Wednesday, April 30, 2014

30th April–And Now The Final Curtain

 

Yes, the curtain falls on the Cup Final, the last gasp of the 2013-14 Macclesfield Pub Quiz League, a season that saw several ups and downs and was in all probability completed thanks to the National Health Service to which several of us owe a big debt of gratitude.

The finalists this year were the Dolphin Dragons,  proudly sporting their TV star Liz, old stalwarts of the A League and a serious (if friendly) force to be reckoned with.

Facing the Dragons were the new kids on the block, the Waters Green Rams who have made remarkable progress in the past couple of years and have just won promotion to the A League and pass the Lemmings on their way down.

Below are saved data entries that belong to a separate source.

lemma has_integral_inner_final:
  assumes "1 - e \<le> t"
  shows "(inner k has_integral
           (\<Sum>m\<le>k. top_coeff (k - m) * ((t - (1 - e)) ^ Suc m / fact (Suc m)))) {1 - e..t}"
proof -
  have "((\<lambda>x. \<Sum>m\<le>k. top_coeff (k - m) * ((x - (1 - e)) ^ m / fact m))
         has_integral (\<Sum>m\<le>k. top_coeff (k - m) * ((t - (1 - e)) ^ Suc m / fact (Suc m))))
         {1 - e..t}"
    using has_integral_shifted_power_div_fact[OF assms]
    by (intro has_integral_sum has_integral_mult_right) auto
  then show ?thesis
    using assms e_less_1_minus_e
    by (subst has_integral_spike_finite_eq[of "{1 - e}"]) (auto simp: inner_def)
qed

lemma has_integral_inner_upto_middle:
  assumes "e \<le> t" "t \<le> 1 - e"
  shows "(inner k has_integral e ^ Suc k / fact (Suc k) + mid_primitive k t) {0..t}"
proof -
  have "inner (Suc k) e = e ^ Suc k / fact (Suc k)"
    by (simp add: inner_def)
  then show ?thesis
    using has_integral_inner_initial[of e k] has_integral_inner_middle[OF assms, of k] assms e_pos
    by (intro has_integral_combine[of 0 e t]) auto
qed

lemma has_integral_inner_upto_final:
  assumes "1 - e < t"
  shows "(inner k has_integral inner (Suc k) t) {0..t}"
proof -
  have "inner (Suc k) t = (\<Sum>m\<le>Suc k. top_coeff (Suc k - m) * ((t - (1 - e)) ^ m / fact m))"
    using assms e_less_1_minus_e by (simp add: inner_def del: sum.atMost_Suc)
  also have "\<dots> = top_coeff (Suc k)
      + (\<Sum>m\<le>k. top_coeff (k - m) * ((t - (1 - e)) ^ Suc m / fact (Suc m)))"
    by (simp only: sum.atMost_Suc_shift) simp
  finally have inner_Suc: "inner (Suc k) t = \<dots>" .
  have "(inner k has_integral top_coeff (Suc k)) {0..1 - e}"
    using has_integral_inner_upto_middle[of "1 - e" k] e_less_1_minus_e by (simp add: top_coeff_Suc)
  then show ?thesis
    unfolding inner_Suc using has_integral_inner_final[of t k] assms e_less_1_minus_e
    by (intro has_integral_combine[of 0 "1 - e" t]) auto
qed

lemma iint_eq_inner: "x \<in> {0..1} \<Longrightarrow> iint e b k x = inner k x"
proof (induction k arbitrary: x)
  case 0
  then show ?case by (simp add: inner_def mid_coeff_def top_coeff_def)
next
  case (Suc k)
  have iint_Suc: "iint e b (Suc k) x = integral {0..psi e b x} (inner k)"
    if "0 \<le> psi e b x" "psi e b x \<le> 1"
    using Suc.IH that by (auto intro!: integral_cong)
  consider "x \<le> e" | "e < x" "x \<le> 1 - e" | "1 - e < x"
    by linarith
  then show ?case
  proof cases
    case 1
    then show ?thesis
      using Suc.prems iint_Suc has_integral_inner_initial[of x k] by (simp add: psi_def integral_unique)
  next
    case 3
    then show ?thesis
      using Suc.prems iint_Suc has_integral_inner_upto_final[of x k] e_less_1_minus_e
      by (simp add: psi_def integral_unique)
  next
    case 2
    define u where "u = (x - e) / c"
    have u: "0 < u" "u \<le> 1"
      using 2 c_pos by (auto simp: u_def field_simps)
    then have "0 < u powr b" "u powr b \<le> 1"
      using b_gt_1 by (auto simp: powr_le1)
    then have "0 < c * u powr b" "c * u powr b \<le> c"
      using c_pos by (auto intro: mult_left_le)
    moreover have psi_x: "psi e b x = e + c * u powr b"
      using psi_middle[OF 2] by (simp add: u_def)
    ultimately have "e \<le> psi e b x" "psi e b x \<le> 1 - e"
      by linarith+
    then have "iint e b (Suc k) x = e ^ Suc k / fact (Suc k) + mid_primitive k (e + c * u powr b)"
      using iint_Suc has_integral_inner_upto_middle[of "psi e b x" k] e_pos psi_x
      by (simp add: integral_unique)
    also have "\<dots> = inner (Suc k) x"
      using mid_primitive_substitution[OF u(1)] 2 by (simp add: inner_def u_def)
    finally show ?thesis .
  qed
qed

lemma d_eq_top_coeff_convolution:
  assumes "1 \<le> n"
  shows "d e b n = (\<Sum>m\<le>n. top_coeff (n - m) * (e ^ m / fact m))"
proof -
  have "d e b n = integral {0..1} (inner (n - 1))"
    unfolding d_def by (rule integral_cong) (simp add: iint_eq_inner)
  also have "\<dots> = inner n 1"
    using has_integral_inner_upto_final[of 1 "n - 1"] e_pos assms by (simp add: integral_unique)
  also have "\<dots> = (\<Sum>m\<le>n. top_coeff (n - m) * (e ^ m / fact m))"
    using e_pos e_less_1_minus_e by (simp add: inner_def)
  finally show ?thesis .
qed

lemma d_eq_sum:
  assumes "1 \<le> n"
  shows "d e b n = (\<Sum>l\<le>n. c ^ l * (2 * e) ^ (n - l) / (fact (n - l) * geom_sum_prod b l))"
proof -
  have "d e b n = (\<Sum>m\<le>n. \<Sum>l\<le>n - m. mid_coeff (n - m) l * (e ^ m / fact m))"
    unfolding d_eq_top_coeff_convolution[OF assms] top_coeff_def by (simp only: sum_distrib_right)
  also have "\<dots> = (\<Sum>l\<le>n. \<Sum>m\<le>n - l. mid_coeff (n - m) l * (e ^ m / fact m))"
    by (rule sum_triangle_swap)
  also have "\<dots> = (\<Sum>l\<le>n. c ^ l / geom_sum_prod b l
                     * (\<Sum>m\<le>n - l. e ^ m / fact m * (e ^ (n - l - m) / fact (n - l - m))))"
    unfolding sum_distrib_left
  proof (intro sum.cong refl)
    have rearrange: "A * X / (F * P) * (Y / G) = A / P * (Y / G * (X / F))" for A X F P Y G :: real
      by (simp add: mult_ac)
    fix l m assume "m \<in> {..n - l}"
    have "n - m - l = n - l - m"
      by simp
    then show "mid_coeff (n - m) l * (e ^ m / fact m)
        = c ^ l / geom_sum_prod b l * (e ^ m / fact m * (e ^ (n - l - m) / fact (n - l - m)))"
      unfolding mid_coeff_def by (simp only: rearrange)
  qed
  also have "\<dots> = (\<Sum>l\<le>n. c ^ l * (2 * e) ^ (n - l) / (fact (n - l) * geom_sum_prod b l))"
    unfolding sum_power_div_fact_convolution by (simp add: mult_ac flip: mult_2)
  finally show ?thesis .
qed

lemma d_formula:
  assumes "1 \<le> n"
  shows "d e b n = (2 * e) ^ n / fact n + c * (2 * e) ^ (n - 1) / fact (n - 1)
                   + (\<Sum>l=2..n. c ^ l * (2 * e) ^ (n - l) / (fact (n - l) * geom_sum_prod b l))"
proof -
  define f where "f l = c ^ l * (2 * e) ^ (n - l) / (fact (n - l) * geom_sum_prod b l)" for l
  have "{..n} = {0, 1} \<union> {2..n}"
    using assms by auto
  then have "(\<Sum>l\<le>n. f l) = (\<Sum>l\<in>{0, 1}. f l) + (\<Sum>l=2..n. f l)"
    by (simp only:) (rule sum.union_disjoint, auto)
  then show ?thesis
    unfolding d_eq_sum[OF assms] by (simp add: f_def)
qed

It was a closely fought contest with a fine set of questions prepared by the Knot ‘Arf and the Weaver from questions offered by all teams in all three Leagues. The contest was overseen with a light touch by Rick Davies as questionmaster, and very few questions were not answered. Except for the last round there was very little in it, but the Rams put in a storming finish to win the game with 112 to 97.

Congratulations to the Rams for winning the double – top of the B League and Cup Champions – an excellent season. Well done!!!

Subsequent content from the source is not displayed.